Als je elkaar stom vindt

Want stom vinden we elkaar regelmatig. Ik hem een beetje meer dan hij mij. Ik hou mezelf graag voor dat dat door zijn ADHD komt, maar mijn chronische pijn en soms best pittige karakter spelen hoogstwaarschijnlijk ook een rol. Een vriendin vat het altijd prachtig samen; achter het behang plakken en de bult platslaan. En soms, heel soms, zou ik dat best graag willen doen. Soms zou ik hem wel met zijn koffers op de oprit willen parkeren. Maar ik doe het nooit. De laatste maanden is het aantal ruzies toegenomen. Mijn lontje is door de pijn steeds korter geworden en bestaat soms helemaal niet meer. Maar met de pijn is ook het besef toegenomen dat ik de komende 40 jaar nog met deze man verder wil. Ik las een blog waarin het prachtig samen werd gevat: “Deze man is het stiekem gewoon voor mij. Hij is een geweldige vader, een heerlijke man en fantastische vriend. Maar romantisch is hij niet. Hij vergeet bloemen mee te nemen en dates organiseren heeft hij nog nooit gedaan maar hij is er wel altijd voor mij.”
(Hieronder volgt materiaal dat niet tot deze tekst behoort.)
lemma tensor_bspl_split:
  "tensor_bspl d Ks ps k js x
   = bspl (knots_lvl (Ks ! I) k) (ps ! I) (js I) (x I)
     * tensor_bspl (d - 1) (del_nth I Ks) (del_nth I ps) k (js \<circ> skip_idx I) (drop_coord I x)"
  unfolding tensor_bspl_def prod_lessThan_split_skip_idx[OF I_less]
  using I_less length_Ks length_ps by (simp add: del_nth_nth drop_coord_apply)

lemma restr_fun_tensor_bspl:
  "restr_fun I e (tensor_bspl d Ks ps k js)
   = (\<lambda>y. bspl (knots_lvl (Ks ! I) k) (ps ! I) (js I) e
          * tensor_bspl (d - 1) (del_nth I Ks) (del_nth I ps) k (js \<circ> skip_idx I) y)"
  unfolding restr_fun_def tensor_bspl_split by simp

end

section \<open>Clamped knot vectors and B-splines at the endpoints\<close>

lemma count_list_replicate: "count_list (replicate n a) x = (if x = a then n else 0)"
  by (induction n) auto

lemma set_refine: "x \<in> set (refine xs) \<Longrightarrow> x \<in> set xs \<or> (\<exists>a\<in>set xs. \<exists>b\<in>set xs. a < b \<and> x = (a + b) / 2)"
  by (induction xs rule: refine.induct) (auto split: if_splits)

lemma set_subset_refine: "set xs \<subseteq> set (refine xs)"
  by (induction xs rule: refine.induct) auto

lemma set_refine_subset_interval: "set xs \<subseteq> {a..b} \<Longrightarrow> set (refine xs) \<subseteq> {a..b}"
  using set_refine by fastforce

lemma count_list_refine_endpoint:
  "set xs \<subseteq> {a..b} \<Longrightarrow> c = a \<or> c = b \<Longrightarrow> count_list (refine xs) c = count_list xs c"
  by (induction xs rule: refine.induct) auto

lemma sorted_refine: "sorted xs \<Longrightarrow> sorted (refine xs)"
proof (induction xs rule: refine.induct)
  case (1 a b rest)
  then have "sorted (refine (b # rest))"
    by (cases "a < b") auto
  moreover have "a \<le> b"
    using "1.prems" by simp
  moreover have "\<forall>y\<in>set (refine (b # rest)). b \<le> y"
    using set_refine "1.prems" by fastforce
  ultimately show ?case by auto
qed auto

lemma knots_lvl_Suc: "knots_lvl K (Suc k) = refine (knots_lvl K k)"
  by (simp add: knots_lvl_def)

lemma set_knots_lvl_mono: "m \<le> k \<Longrightarrow> set (knots_lvl K m) \<subseteq> set (knots_lvl K k)"
proof (induction k)
  case (Suc k)
  then show ?case
    using set_subset_refine[of "knots_lvl K k"] by (auto simp: knots_lvl_Suc le_Suc_eq)
qed simp

(* The part of open_knot_vector that is visibly preserved by refine. *)
definition clamped_knots :: "nat \<Rightarrow> real list \<Rightarrow> bool" where
  "clamped_knots p T \<longleftrightarrow>
     sorted T \<and> set T \<subseteq> {0..1} \<and> count_list T 0 = Suc p \<and> count_list T 1 = Suc p"

lemma clamped_knots_refine: "clamped_knots p T \<Longrightarrow> clamped_knots p (refine T)"
  unfolding clamped_knots_def
  using sorted_refine set_refine_subset_interval count_list_refine_endpoint by auto

lemma clamped_knots_lvl: "clamped_knots p K \<Longrightarrow> clamped_knots p (knots_lvl K k)"
  by (induction k) (auto simp: knots_lvl_Suc clamped_knots_refine knots_lvl_def)
lemma has_derivative_vech_matlog_local_inverse:
  fixes n :: "'k::{finite,linorder} \<Rightarrow> nat"
    and A :: "((real, 'k) vec, 'k) vec"
    and g :: "(real, 'k vh) vec \<Rightarrow> ((real, 'k) vec, 'k) vec"
  assumes n2: "\<forall>k. n k \<ge> 2" and A: "posdef A" and lam: "\<forall>k. lam n A $ k > 0"
    and gA: "g (etaOf n A) = A" and gcont: "continuous (at (etaOf n A)) g"
    and ginv: "\<forall>\<^sub>F e in nhds (etaOf n A).
                 posdef (g e) \<and> (\<forall>k. lam n (g e) $ k > 0) \<and> etaOf n (g e) = e"
  shows "((\<lambda>e. vech (matlog (g e))) has_derivative log_of_eta_deriv n A) (at (etaOf n A))"
proof -
  obtain T where T: "open T" "etaOf n A \<in> T"
    and gT: "\<And>e. e \<in> T \<Longrightarrow> posdef (g e) \<and> (\<forall>k. lam n (g e) $ k > 0) \<and> etaOf n (g e) = e"
    using ginv unfolding eventually_nhds by blast
  have "\<forall>\<^sub>F e in at (etaOf n A). posdef (g e)"
    using T gT unfolding eventually_at_topological by blast
  with A gcont gA have "((\<lambda>e. matlog (g e)) \<longlongrightarrow> matlog A) (at (etaOf n A))"
    by (intro tendsto_matlog) (auto simp: continuous_at)
  then have cont: "continuous (at (etaOf n A)) (\<lambda>e. vech (matlog (g e)))"
    unfolding continuous_at gA by (rule bounded_linear.tendsto[OF bounded_linear_vech])
  have inv: "log_of_eta_deriv n A \<circ> eta_of_log_deriv n A = id"
    by (simp add: fun_eq_iff log_of_eta_deriv_inverse[OF n2 A lam])
  have "eta_of_log n (vech (matlog (g e))) = e" if "e \<in> T" for e
    using gT[OF that] by (simp add: eta_of_log_vech_matlog)
  moreover have "(eta_of_log n has_derivative eta_of_log_deriv n A) (at (vech (matlog (g (etaOf n A)))))"
    unfolding gA by (rule has_derivative_eta_of_log[OF n2 A lam])
  ultimately show ?thesis
    using has_derivative_inverse_basic[OF _ bounded_linear_log_of_eta_deriv[OF n2 A lam] inv cont T]
    by blast
qed

theorem lemma1:
  fixes n :: "'k::{finite,linorder} \<Rightarrow> nat"
    and A :: "((real, 'k) vec, 'k) vec"
    and g :: "(real, 'k vh) vec \<Rightarrow> ((real, 'k) vec, 'k) vec"
  assumes n2: "\<forall>k. n k \<ge> 2"
    and Apd: "posdef A"
    and lampos: "\<forall>k. lam n A $ k > 0"
    and gA: "g (etaOf n A) = A"
    and gcont: "continuous (at (etaOf n A)) g"
    and ginv: "\<forall>\<^sub>F e in nhds (etaOf n A).
                 posdef (g e) \<and> (\<forall>k. lam n (g e) $ k > 0) \<and> etaOf n (g e) = e"
  shows "((\<lambda>e. vecm (g e)) has_derivative (\<lambda>h. PiA n A *v h)) (at (etaOf n A))"
proof -
  let ?h = "\<lambda>e. vech (matlog (g e))"
  have "(mexp has_derivative dmexp (matlog A)) (at (unvech (?h (etaOf n A))))"
    using unvech_vech[OF symmetric_matlog[OF Apd]] gA has_derivative_mexp by simp
  from has_derivative_compose[OF bounded_linear.has_derivative[OF bounded_linear_unvech
        has_derivative_vech_matlog_local_inverse[OF assms]] this]
  have "((\<lambda>e. vecm (mexp (unvech (?h e)))) has_derivative (\<lambda>h. PiA n A *v h)) (at (etaOf n A))"
    unfolding PiA_mult_vector[OF n2 Apd lampos] by (rule bounded_linear.has_derivative[OF bounded_linear_vecm])
  moreover have "\<forall>\<^sub>F e in at (etaOf n A). vecm (mexp (unvech (?h e))) = vecm (g e)"
    using ginv unfolding eventually_at_filter
    by eventually_elim (simp add: unvech_vech symmetric_matlog mexp_matlog)
  moreover have "vecm (mexp (unvech (?h (etaOf n A)))) = vecm (g (etaOf n A))"
    using gA Apd by (simp add: unvech_vech symmetric_matlog mexp_matlog)
  ultimately show ?thesis by (rule has_derivative_transform_eventually) simp
qed

end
Trouw pas als het slecht gaat

Het vatte precies samen wat ik voel. We hebben heel veel meegemaakt samen en soms knettert het de pan uit hier thuis. Dan vind ik hem stom en hij mij, maar we  maken het altijd weer goed. Steeds vaker denk ik dat mensen pas zouden moeten trouwen als het slecht gaat in de relatie. Als je net verliefd bent en pas een paar jaar samen lijkt het soms heel makkelijk om te kiezen voor een leven met elkaar. Maar als je voor elkaar kiest als het pittig is in de relatie, als je problemen hebt, één van beiden vreemd gaat, ziek wordt of bedenk maar iets waardoor het even niet meer leuk is samen en je kiest dan voor elkaar, dan weet je dat je samen overal doorheen komt. En dat, dat vind ik nou romantisch.